NCP is a very powerful protocol as it is the only protocol that mixes file, directory, and application information in an organized and secure way.

ChromeBooks running ChromeOS are wildly popular in K-12 at the moment -- we have many thousands now, with many thousands more ordered.

While Filr and NetStorage provide good access to files from OES to ChromeOS, the rest of the functionality is not available. A webified NCP solution would add a lot of potential functionality to ChromeOS.

Comments

  • Since everybody moves away from NCP and to CIFS/SMB (or to the "cloud" for the matter) I doubt there is any chance this will ever happen. NCP has been tried on both OSX and as a Linux client but both are not developed anymore as this is just too complex to maintain (takes too many resources vs the amount of users). You would be always running behind and catching up case new kernel updates appear breaking the NCP functionality in between. The idea of a Cromebook is that you make use of "cloud-services".

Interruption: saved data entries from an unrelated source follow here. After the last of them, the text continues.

(* Let $d=1$, let $F=\{\mathbf{p}_0,\ldots,\mathbf{p}_n\}\subset\mathbb{R}$ contain at least two distinct points, and let $k\ge1$. Then for every $(\lambda_0,\ldots,\lambda_n)\in\mathcal{P}_k$, for the IFS $S_i(x)=\lambda_ix+(1-\lambda_i)\mathbf{p}_i$ ($i=0,\ldots,n$), the set $X_k$ contains an open dense subset of $X$ and Lebesgue almost every $x\in X$ belongs to $X_k$.
   Context: Write $\mathcal{D}=\{0,\ldots,n\}$ and $\mathcal{P}_k=\{(\lambda_i)_{i\in\mathcal{D}}:\lambda_i\in(0,1),\ \prod_{i\in\mathcal{D}}\lambda_i^{k(n+1)^{k-1}}\ge\frac{1}{2}\}$. $X\subset\mathbb{R}$ is the unique non-empty compact set with $X=\bigcup_{i\in\mathcal{D}}S_i(X)$; "open dense subset of $X$" refers to the relative topology of $X$. The coding map is $\pi(\mathbf{a})=\lim_{j\to\infty}(S_{a_1}\circ\cdots\circ S_{a_j})(0)$. For $\mathbf{b}\in\mathcal{D}^k$, $\mathrm{freq}_{\mathbf{b}}(\mathbf{a})=\lim_{m\to\infty}\frac1m\#\{1\le j\le m:a_j\cdots a_{j+k-1}=\mathbf{b}\}$; $\mathbf{a}$ is $k$-simply normal if this equals $(n+1)^{-k}$ for all $\mathbf{b}\in\mathcal{D}^k$. $X_k$ is the set of $x\in X$ having a $k$-simply normal $\mathbf{a}$ with $\pi(\mathbf{a})=x$. *)

theory Defs
  imports "HOL-Analysis.Analysis"
begin

definition ifs_map :: "(nat \<Rightarrow> real) \<Rightarrow> (nat \<Rightarrow> real) \<Rightarrow> nat \<Rightarrow> real \<Rightarrow> real" where
  "ifs_map lam p i x = lam i * x + (1 - lam i) * p i"

definition comp_prefix :: "(nat \<Rightarrow> real \<Rightarrow> real) \<Rightarrow> (nat \<Rightarrow> nat) \<Rightarrow> nat \<Rightarrow> real \<Rightarrow> real" where
  "comp_prefix S a j = foldr (\<lambda>i g. S (a i) \<circ> g) [0..<j] id"

definition occ_count :: "(nat \<Rightarrow> nat) \<Rightarrow> nat list \<Rightarrow> nat \<Rightarrow> nat" where
  "occ_count a b m = card {j. j < m \<and> map a [j..<j + length b] = b}"

definition k_simply_normal :: "nat \<Rightarrow> nat \<Rightarrow> (nat \<Rightarrow> nat) \<Rightarrow> bool" where
  "k_simply_normal n k a \<longleftrightarrow>
     (\<forall>b. length b = k \<and> set b \<subseteq> {0..n} \<longrightarrow>
        ((\<lambda>m. real (occ_count a b m) / real m) \<longlonglongrightarrow> 1 / real (n + 1) ^ k))"

text \<open>X_k: points with a k-simply normal coding a in D^N with pi(a) = x.\<close>
definition Xk_set :: "nat \<Rightarrow> nat \<Rightarrow> (nat \<Rightarrow> real \<Rightarrow> real) \<Rightarrow> real set \<Rightarrow> real set" where
  "Xk_set n k S X = {x \<in> X. \<exists>a. (\<forall>j. a j \<in> {0..n}) \<and> k_simply_normal n k a \<and>
                          ((\<lambda>j. comp_prefix S a j 0) \<longlonglongrightarrow> x)}"

end

theory Submission
  imports Defs
begin

text \<open>Let \<open>[a, b]\<close> be the convex hull of the points \<open>p i\<close>. The hypothesis on the product
  forces \<open>lam i + lam j > 1\<close> for \<open>i \<noteq> j\<close>, so the maps towards \<open>a\<close> and \<open>b\<close> already cover
  \<open>[a, b]\<close> and the attractor is \<open>X = [a, b]\<close>.

  Concatenating the \<open>k\<close>-digit expansions of \<open>0, \<dots>, (n + 1) ^ k - 1\<close> gives a cyclic word in
  which every word of length \<open>k\<close> occurs \<open>k\<close> times among the cyclic windows. This word and its
  rotation by one letter are two blocks containing every letter \<open>k (n + 1) ^ (k - 1)\<close> times,
  so their compositions have the same ratio, at least \<open>1/2\<close>, and they have distinct fixed points.
  Two contractions of ratio at least \<open>1/2\<close> cover the interval between their fixed points, so
  every point there is coded by a concatenation of the two blocks; since the blocks agree on
  their first \<open>k - 1\<close> letters, such a concatenation counts windows like the cyclic word and is
  \<open>k\<close>-simply normal. The images of the open interval under all compositions form an open dense
  set \<open>G\<close> of normal points. Finally \<open>[a, b] - G\<close> has density at most its own proportion in
  every cylinder, but it misses the middle of the interval between the fixed points, so a
  Vitali covering argument shows that it is null.\<close>

section \<open>Affine iterated function systems on the line\<close>

locale ifs =
  fixes n :: nat and p lam :: "nat \<Rightarrow> real"
  assumes lam_bounds: "\<And>i. i \<le> n \<Longrightarrow> 0 < lam i \<and> lam i < 1"
begin

definition S :: "nat \<Rightarrow> real \<Rightarrow> real" where "S = ifs_map lam p"

definition Sw :: "nat list \<Rightarrow> real \<Rightarrow> real" where "Sw w = foldr (\<lambda>i g. S i \<circ> g) w id"

definition ratio :: "nat list \<Rightarrow> real" where "ratio w = prod_list (map lam w)"

lemma S_eq: "S i x = lam i * x + (1 - lam i) * p i"
  by (simp add: S_def ifs_map_def)

lemma Sw_Nil [simp]: "Sw [] = id"
  by (simp add: Sw_def)

lemma Sw_Cons [simp]: "Sw (i # w) = S i \<circ> Sw w"
  by (simp add: Sw_def)

lemma Sw_append: "Sw (u @ v) = Sw u \<circ> Sw v"
  by (induct u) auto

lemma ratio_Nil [simp]: "ratio [] = 1"
  by (simp add: ratio_def)

lemma ratio_Cons [simp]: "ratio (i # w) = lam i * ratio w"
  by (simp add: ratio_def)

lemma comp_prefix_eq_Sw: "comp_prefix S c j = Sw (map c [0..<j])"
  unfolding comp_prefix_def Sw_def by (simp add: foldr_map o_def)

lemma Sw_affine: "Sw w x = ratio w * x + Sw w 0"
proof (induct w arbitrary: x)
  case (Cons i w)
  show ?case using Cons[of x] by (simp add: S_eq algebra_simps)
qed simp

lemma Sw_eq_affine: "Sw w = (\<lambda>x. ratio w * x + Sw w 0)"
  using Sw_affine by blast

lemma Sw_diff: "Sw w x - Sw w y = ratio w * (x - y)"
  using Sw_affine[of w x] Sw_affine[of w y] by (simp add: algebra_simps)

lemma Sw_fixpoint_form: "Sw w f = f \<Longrightarrow> Sw w x = f + ratio w * (x - f)"
  using Sw_diff[of w x f] by (simp add: algebra_simps)

lemma ratio_pos: "set w \<subseteq> {0..n} \<Longrightarrow> 0 < ratio w"
  by (induct w) (auto simp: lam_bounds)

definition lam_max :: real where "lam_max = Max (lam ` {0..n})"

lemma lam_le_lam_max: "i \<le> n \<Longrightarrow> lam i \<le> lam_max"
  unfolding lam_max_def by (rule Max_ge) auto

lemma lam_max_bounds: "0 < lam_max" "lam_max < 1"
proof -
  show "0 < lam_max" using lam_le_lam_max[of 0] lam_bounds[of 0] by simp
  show "lam_max < 1" unfolding lam_max_def using lam_bounds by (subst Max_less_iff) auto
qed

lemma ratio_le_lam_max_power: "set w \<subseteq> {0..n} \<Longrightarrow> ratio w \<le> lam_max ^ length w"
proof (induct w)
  case (Cons i w)
  then show ?case
    using lam_le_lam_max[of i] lam_bounds[of i] ratio_pos[of w] by (simp add: mult_mono')
qed simp

lemma ratio_less_1:
  assumes "set w \<subseteq> {0..n}" "w \<noteq> []"
  shows "ratio w < 1"
proof -
  have "lam_max ^ length w < 1"
    using lam_max_bounds assms(2) by (simp add: power_less_one_iff)
  then show ?thesis using ratio_le_lam_max_power[OF assms(1)] by linarith
qed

    I think a good set of collaboration clients/apps (like Filr) add a lot more value for users as a frond-end for (web)services in the "cloud" (your DC). Maybe you really want to open files over CIFS/SMB (assuming a Chromebook is able to do that) a solution could be that if a user with a Chromebook is on-site and the Filr App could "see" that a file can be opened directly over CIFS/SMB vs downloading a copy over HTTP. That would even work on a Windows desktop with Novell client opening the file then over NCP or SMB/CIFS running DSFW/NSS-for-AD. This is functionality that has been talked about in the past but is not really on the Filr radar at this point.

    I think MF would argue Filr is the Webified version of NCP and more, as it provides access to multiple store backends with a single client.

  • The beauty of NCP is that it handles much more than file sharing--it is a full toolbox in a single protocol. Filr only does file sharing. The architecture of Filr is much more (needlessly) complex than the architecture of NCP. Filr's functionality can be trivially copied by competition, but NCP cannot. If MF thinks that Filr is the webified version of NCP, it only indicates that they do not understand NCP. If I wanted horrible Javascript-based file sharing, there are a variety of free solutions that are much more effective than Filr.

    NCP allows a client to combine multiple client/server operations into a single, efficient connection. It provides not only authentication and authorization but also full directory information and the ability to ask the server to perform work on its behalf. This is a very powerful combination.

    A MF file-sharing solution with NCP has no reason to exist.

  • Correction: A MF file-sharing solution WITHOUT NCP has no reason to exist.